Using the records below, write out the line with "using sum_powr_le_lq_norm_powr_self[OF a" and each line after it through the final one, exactly, and only those.

---

(* Let $p\in(1,\frac32)$, $q\in[1,\infty)$, $s_p=2-\frac3p$, and let $\theta,s,\tilde p,\tilde q$ satisfy: $\theta\in(0,1)$, $s_p=(1-\theta)s$, $\frac1p=\frac\theta2+\frac{1-\theta}{\tilde p}$, $\tilde p\in(1,\frac32)$, $\tilde q\in[1,\infty]$ and $$\frac1{\tilde q}=\begin{cases}\frac1{1-\theta}\big(\frac1q-\frac\theta2\big), & q>p,\\[2pt] \frac1{\tilde p}, & q\le p.\end{cases}$$ Then there is an absolute constant $C$ such that for every divergence-free vector field $f\in F\dot B^{s_p}_{p,q}(\mathbb R^3)$ and every $j\in\mathbb Z$ there exist divergence-free vector fields $g_0\in F\dot B^{s}_{\tilde p,\tilde q}(\mathbb R^3)$ and $h_0\in L^2(\mathbb R^3)$ with $f=g_0+h_0$, $$\|g_0\|_{F\dot B^{s}_{\tilde p,\tilde q}}\le C2^{-j\theta}\|f\|_{F\dot B^{s_p}_{p,q}},\qquad \|h_0\|_{L^2}\le C2^{j(1-\theta)}\|f\|_{F\dot B^{s_p}_{p,q}}.$$
   Context: $\|f\|_{FL^p}=\|\hat f\|_{L^p}$; $\dot\Delta_j$ are homogeneous Littlewood–Paley blocks ($\dot\Delta_jf=\phi_j*f$, $\phi_j=2^{3j}\phi(2^j\cdot)$, $\hat\phi$ supported in $\{3/4\le|\xi|\le 8/3\}$, $\sum_j\hat\phi(2^{-j}\xi)=1$ for $\xi\ne0$). $F\dot B^s_{p,q}(\mathbb R^3)$ is the space of distributions modulo polynomials with $\|f\|_{F\dot B^s_{p,q}}=\|(2^{js}\|\dot\Delta_jf\|_{FL^p})_j\|_{\ell^q(\mathbb Z)}<\infty$. *)

theory Defs
  imports "HOL-Analysis.Analysis"
begin

text \<open>Everything is formulated on the Fourier side: a (tempered) vector field f on R^3,
  taken modulo polynomials, is represented by its Fourier transform F = hat f,
  a measurable function R^3 -> C^3 (its value on the null set {0} is irrelevant,
  which is exactly the quotient by polynomials).  Phi stands for hat phi.\<close>

definition FLp_int :: "real \<Rightarrow> (real^3 \<Rightarrow> complex^3) \<Rightarrow> ennreal" where
  "FLp_int p G = (\<integral>\<^sup>+ \<xi>. ennreal (norm (G \<xi>) powr p) \<partial>lborel)"

definition FLp_mem :: "real \<Rightarrow> (real^3 \<Rightarrow> complex^3) \<Rightarrow> bool" where
  "FLp_mem p G \<longleftrightarrow> G \<in> borel_measurable lborel \<and> FLp_int p G < \<infinity>"

definition FLp_norm :: "real \<Rightarrow> (real^3 \<Rightarrow> complex^3) \<Rightarrow> real" where
  "FLp_norm p G = (enn2real (FLp_int p G)) powr (1 / p)"

definition LP_block :: "(real^3 \<Rightarrow> real) \<Rightarrow> int \<Rightarrow> (real^3 \<Rightarrow> complex^3) \<Rightarrow> (real^3 \<Rightarrow> complex^3)" where
  "LP_block \<Phi> j F = (\<lambda>\<xi>. \<Phi> (2 powr (- real_of_int j) *\<^sub>R \<xi>) *\<^sub>R F \<xi>)"

definition lq_mem :: "ereal \<Rightarrow> (int \<Rightarrow> real) \<Rightarrow> bool" where
  "lq_mem q a \<longleftrightarrow> (if q = \<infinity> then bdd_above (range (\<lambda>j. \<bar>a j\<bar>))
                    else (\<lambda>j. \<bar>a j\<bar> powr real_of_ereal q) summable_on UNIV)"

definition lq_norm :: "ereal \<Rightarrow> (int \<Rightarrow> real) \<Rightarrow> real" where
  "lq_norm q a = (if q = \<infinity> then (SUP j. \<bar>a j\<bar>)
                  else (\<Sum>\<^sub>\<infinity>j. \<bar>a j\<bar> powr real_of_ereal q) powr (1 / real_of_ereal q))"

definition FB_seq :: "real \<Rightarrow> real \<Rightarrow> (real^3 \<Rightarrow> real) \<Rightarrow> (real^3 \<Rightarrow> complex^3) \<Rightarrow> int \<Rightarrow> real" where
  "FB_seq s p \<Phi> F = (\<lambda>j. 2 powr (real_of_int j * s) * FLp_norm p (LP_block \<Phi> j F))"

definition FB_mem :: "real \<Rightarrow> real \<Rightarrow> ereal \<Rightarrow> (real^3 \<Rightarrow> real) \<Rightarrow> (real^3 \<Rightarrow> complex^3) \<Rightarrow> bool" where
  "FB_mem s p q \<Phi> F \<longleftrightarrow> F \<in> borel_measurable lborel \<and>
     (\<forall>j. FLp_mem p (LP_block \<Phi> j F)) \<and> lq_mem q (FB_seq s p \<Phi> F)"

definition FB_norm :: "real \<Rightarrow> real \<Rightarrow> ereal \<Rightarrow> (real^3 \<Rightarrow> real) \<Rightarrow> (real^3 \<Rightarrow> complex^3) \<Rightarrow> real" where
  "FB_norm s p q \<Phi> F = lq_norm q (FB_seq s p \<Phi> F)"

definition div_free :: "(real^3 \<Rightarrow> complex^3) \<Rightarrow> bool" where
  "div_free F \<longleftrightarrow> (AE \<xi> in lborel. (\<Sum>k\<in>UNIV. complex_of_real (\<xi> $ k) * (F \<xi> $ k)) = 0)"

end

theory Submission
  imports Defs
begin

(* The field is split on the Fourier side by its size, shell by shell: on the dyadic shell
   2^i <= |xi| < 2^(i+1) the large part keeps the values with |F| > tau_i and the small part the
   others; both parts are scalar multiples of F, hence divergence free.  Only the blocks
   Delta_(i-1), Delta_i, Delta_(i+1) see the shell i, so |F| <= 3 |Delta_m F| for one of them, and
     |small part|^2 <= tau_i^(2-p) |F|^p,     |Delta_k (large part)|^pt <= tau_i^(pt-p) |F|^p
   (the second because pt < p).  Integrating reduces both norms to sums of
   tau_i^e ||Delta_m F||_p^p = tau_i^e 2^(-m(2p-3)) a_m^p, where a is the Besov sequence of F.
   With N = ||a||_(l^q), r = max p q and A_i the maximum of a over |m - i| <= 3, the level
     tau_i = N mu 2^(alpha i) (A_i/N)^beta,     alpha = (2p-3)/(2-p),  beta = (r-p)/(2-p)
   makes the powers of 2 cancel up to bounded factors and leaves the sequence (A_i/N)^r, which is
   summable because l^q embeds in l^r; in the bound for the k-th block of the large part the
   exponent of A_k/N is r/qt, which is what the choice of qt is for.  The free scale
   mu = 2^(2j(1-theta)/(2-p)) produces the factors 2^(j(1-theta)) and 2^(-j theta). *)

section \<open>Dyadic shells and the splitting of a field\<close>

definition dyadic_shell :: "real^3 \<Rightarrow> int" where
  "dyadic_shell \<xi> = \<lfloor>log 2 (norm \<xi>)\<rfloor>"

lemma dyadic_shell_bounds:
  assumes "\<xi> \<noteq> 0"
  shows "2 powr real_of_int (dyadic_shell \<xi>) \<le> norm \<xi>" "norm \<xi> < 2 powr real_of_int (dyadic_shell \<xi> + 1)"
  using floor_log_eq_powr_iff[of "norm \<xi>" 2 "dyadic_shell \<xi>"] assms unfolding dyadic_shell_def by auto

lemma dyadic_shell_measurable [measurable]: "dyadic_shell \<in> borel \<rightarrow>\<^sub>M count_space UNIV"
  unfolding dyadic_shell_def by (rule measurable_compose[OF _ measurable_real_floor]) measurable

lemma pred_dyadic_shell [measurable]: "Measurable.pred borel (\<lambda>\<xi>. P (dyadic_shell \<xi>))"
  by (rule measurable_compose[OF dyadic_shell_measurable]) simp

lemma norm_LP_block: "norm (LP_block \<Phi> m F \<xi>) = \<bar>\<Phi> (2 powr (- real_of_int m) *\<^sub>R \<xi>)\<bar> * norm (F \<xi>)"
  unfolding LP_block_def by simp

lemma LP_block_measurable [measurable]:
  assumes [measurable]: "\<Phi> \<in> borel_measurable borel" "F \<in> borel_measurable borel"
  shows "LP_block \<Phi> m F \<in> borel_measurable borel"
proof -
  have [measurable]: "(\<lambda>\<xi>. \<Phi> (2 powr (- real_of_int m) *\<^sub>R \<xi>)) \<in> borel_measurable borel"
    by (rule measurable_compose[of _ _ borel]) auto
  show ?thesis unfolding LP_block_def by measurable
qed

definition large_part :: "(int \<Rightarrow> real) \<Rightarrow> (real^3 \<Rightarrow> complex^3) \<Rightarrow> real^3 \<Rightarrow> complex^3" where
  "large_part \<tau> F \<xi> = (if \<xi> \<noteq> 0 \<and> \<tau> (dyadic_shell \<xi>) < norm (F \<xi>) then F \<xi> else 0)"

definition small_part :: "(int \<Rightarrow> real) \<Rightarrow> (real^3 \<Rightarrow> complex^3) \<Rightarrow> real^3 \<Rightarrow> complex^3" where
  "small_part \<tau> F \<xi> = (if \<xi> \<noteq> 0 \<and> norm (F \<xi>) \<le> \<tau> (dyadic_shell \<xi>) then F \<xi> else 0)"

lemma AE_eq_large_part_plus_small_part: "AE \<xi> in lborel. F \<xi> = large_part \<tau> F \<xi> + small_part \<tau> F \<xi>"
  using AE_lborel_singleton[of 0] by eventually_elim (auto simp: large_part_def small_part_def)

lemma div_free_large_part: "div_free F \<Longrightarrow> div_free (large_part \<tau> F)"
  unfolding div_free_def large_part_def by (erule eventually_mono) auto

lemma div_free_small_part: "div_free F \<Longrightarrow> div_free (small_part \<tau> F)"
  unfolding div_free_def small_part_def by (erule eventually_mono) auto

lemma large_part_measurable [measurable]:
  assumes [measurable]: "F \<in> borel_measurable borel"
  shows "large_part \<tau> F \<in> borel_measurable borel"
proof -
  have "(\<lambda>\<xi>. (\<lambda>i \<xi>. if \<xi> \<noteq> 0 \<and> \<tau> i < norm (F \<xi>) then F \<xi> else 0) (dyadic_shell \<xi>) \<xi>) \<in> borel_measurable borel"
    by (rule measurable_compose_countable[OF _ dyadic_shell_measurable]) measurable
  thus ?thesis unfolding large_part_def[abs_def] by simp
qed

lemma small_part_measurable [measurable]:
  assumes [measurable]: "F \<in> borel_measurable borel"
  shows "small_part \<tau> F \<in> borel_measurable borel"
proof -
  have "(\<lambda>\<xi>. (\<lambda>i \<xi>. if \<xi> \<noteq> 0 \<and> norm (F \<xi>) \<le> \<tau> i then F \<xi> else 0) (dyadic_shell \<xi>) \<xi>) \<in> borel_measurable borel"
    by (rule measurable_compose_countable[OF _ dyadic_shell_measurable]) measurable
  thus ?thesis unfolding small_part_def[abs_def] by simp
qed

lemma nn_integral_nonneg_lincomb:
  assumes "finite S" and "\<And>m. m \<in> S \<Longrightarrow> 0 \<le> c m"
    and "\<And>m. m \<in> S \<Longrightarrow> f m \<in> borel_measurable M" and "\<And>m x. 0 \<le> f m x"
    and "\<And>m. m \<in> S \<Longrightarrow> (\<integral>\<^sup>+x. ennreal (f m x) \<partial>M) = ennreal (I m)" and "\<And>m. 0 \<le> I m"
  shows "(\<integral>\<^sup>+x. ennreal (\<Sum>m\<in>S. c m * f m x) \<partial>M) = ennreal (\<Sum>m\<in>S. c m * I m)"
proof -
  have "(\<integral>\<^sup>+x. ennreal (\<Sum>m\<in>S. c m * f m x) \<partial>M) = (\<integral>\<^sup>+x. (\<Sum>m\<in>S. ennreal (c m) * ennreal (f m x)) \<partial>M)"
    using assms by (intro nn_integral_cong) (simp add: ennreal_mult sum_nonneg flip: sum_ennreal)
  also have "\<dots> = (\<Sum>m\<in>S. \<integral>\<^sup>+x. ennreal (c m) * ennreal (f m x) \<partial>M)"
    using assms by (intro nn_integral_sum) auto
  also have "\<dots> = (\<Sum>m\<in>S. ennreal (c m) * ennreal (I m))"
    using assms by (intro sum.cong refl) (simp add: nn_integral_cmult)
  also have "\<dots> = ennreal (\<Sum>m\<in>S. c m * I m)"
    using assms by (simp add: ennreal_mult sum_nonneg flip: sum_ennreal)
  finally show ?thesis .
qed

lemma FLp_mem_and_norm_le:
  assumes "G \<in> borel_measurable borel" "FLp_int p G \<le> ennreal B" "0 \<le> B" "0 < p"
  shows "FLp_mem p G \<and> FLp_norm p G \<le> B powr (1/p)"
  using assms unfolding FLp_mem_def FLp_norm_def
  by (auto simp: top_unique intro: le_less_trans powr_mono2 enn2real_leI)

lemma FLp_int_LP_block_eq_FB_seq:
  assumes "FLp_mem p (LP_block \<Phi> m F)" "0 < p"
  shows "FLp_int p (LP_block \<Phi> m F) = ennreal (2 powr (- real_of_int m * s * p) * FB_seq s p \<Phi> F m powr p)"
proof -
  have "FB_seq s p \<Phi> F m powr p = 2 powr (real_of_int m * s * p) * enn2real (FLp_int p (LP_block \<Phi> m F))"
    unfolding FB_seq_def FLp_norm_def using assms(2) by (simp add: powr_mult powr_powr)
  hence "2 powr (- real_of_int m * s * p) * FB_seq s p \<Phi> F m powr p = enn2real (FLp_int p (LP_block \<Phi> m F))"
    by (simp add: powr_minus field_simps)
  thus ?thesis using assms(1) unfolding FLp_mem_def by simp
qed

lemma FLp_int_LP_block_critical:
  assumes "FB_mem (2 - 3/p) p (ereal q) \<Phi> F" "0 < p"
  shows "FLp_int p (LP_block \<Phi> m F) = ennreal (2 powr (- real_of_int m * (2*p-3)) * FB_seq (2 - 3/p) p \<Phi> F m powr p)"
proof -
  have "- real_of_int m * (2 - 3/p) * p = - real_of_int m * (2*p-3)" using assms(2) by (simp add: field_simps)
  thus ?thesis using FLp_int_LP_block_eq_FB_seq[of p \<Phi> m F "2 - 3/p"] assms unfolding FB_mem_def by metis
qed

lemma sum_powr_le_lq_norm_powr_self:
  fixes a :: "int \<Rightarrow> real"
  assumes a: "lq_mem (ereal q) a" "\<And>m. 0 \<le> a m" and q: "0 < q" and S: "finite S"
  shows "(\<Sum>i\<in>S. a i powr q) \<le> lq_norm (ereal q) a powr q"
proof -
  have a_summable: "(\<lambda>j. \<bar>a j\<bar> powr q) summable_on UNIV" using a(1) unfolding lq_mem_def by simp
  have "(\<Sum>i\<in>S. a i powr q) = (\<Sum>\<^sub>\<infinity>i\<in>S. \<bar>a i\<bar> powr q)" using a(2) S by simp
  also have "\<dots> \<le> (\<Sum>\<^sub>\<infinity>j. \<bar>a j\<bar> powr q)" by (rule infsum_mono2) (use S a_summable in auto)
  also have "\<dots> = lq_norm (ereal q) a powr q"
    using q unfolding lq_norm_def by (simp add: powr_powr infsum_nonneg)
  finally show ?thesis .
qed

lemma lq_norm_ge_entry:
  fixes a :: "int \<Rightarrow> real"
  assumes a: "lq_mem (ereal q) a" "\<And>m. 0 \<le> a m" and q: "0 < q"
  shows "a m \<le> lq_norm (ereal q) a"
proof -
  have N: "0 \<le> lq_norm (ereal q) a" unfolding lq_norm_def by simp
  have "a m powr q \<le> lq_norm (ereal q) a powr q"
    using sum_powr_le_lq_norm_powr_self[OF a q, of "{m}"] by simp
  hence "(a m powr q) powr (1/q) \<le> (lq_norm (ereal q) a powr q) powr (1/q)"
    using a(2) q by (intro powr_mono2[where a="1/q"]) auto
  thus ?thesis using a(2)[of m] N q by (simp add: powr_powr)
qed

---

▸ Written solution:
    using sum_powr_le_lq_norm_powr_self[OF a q, of "{m}"] by simp
  hence "(a m powr q) powr (1/q) \<le> (lq_norm (ereal q) a powr q) powr (1/q)"
    using a(2) q by (intro powr_mono2[where a="1/q"]) auto
  thus ?thesis using a(2)[of m] N q by (simp add: powr_powr)
qed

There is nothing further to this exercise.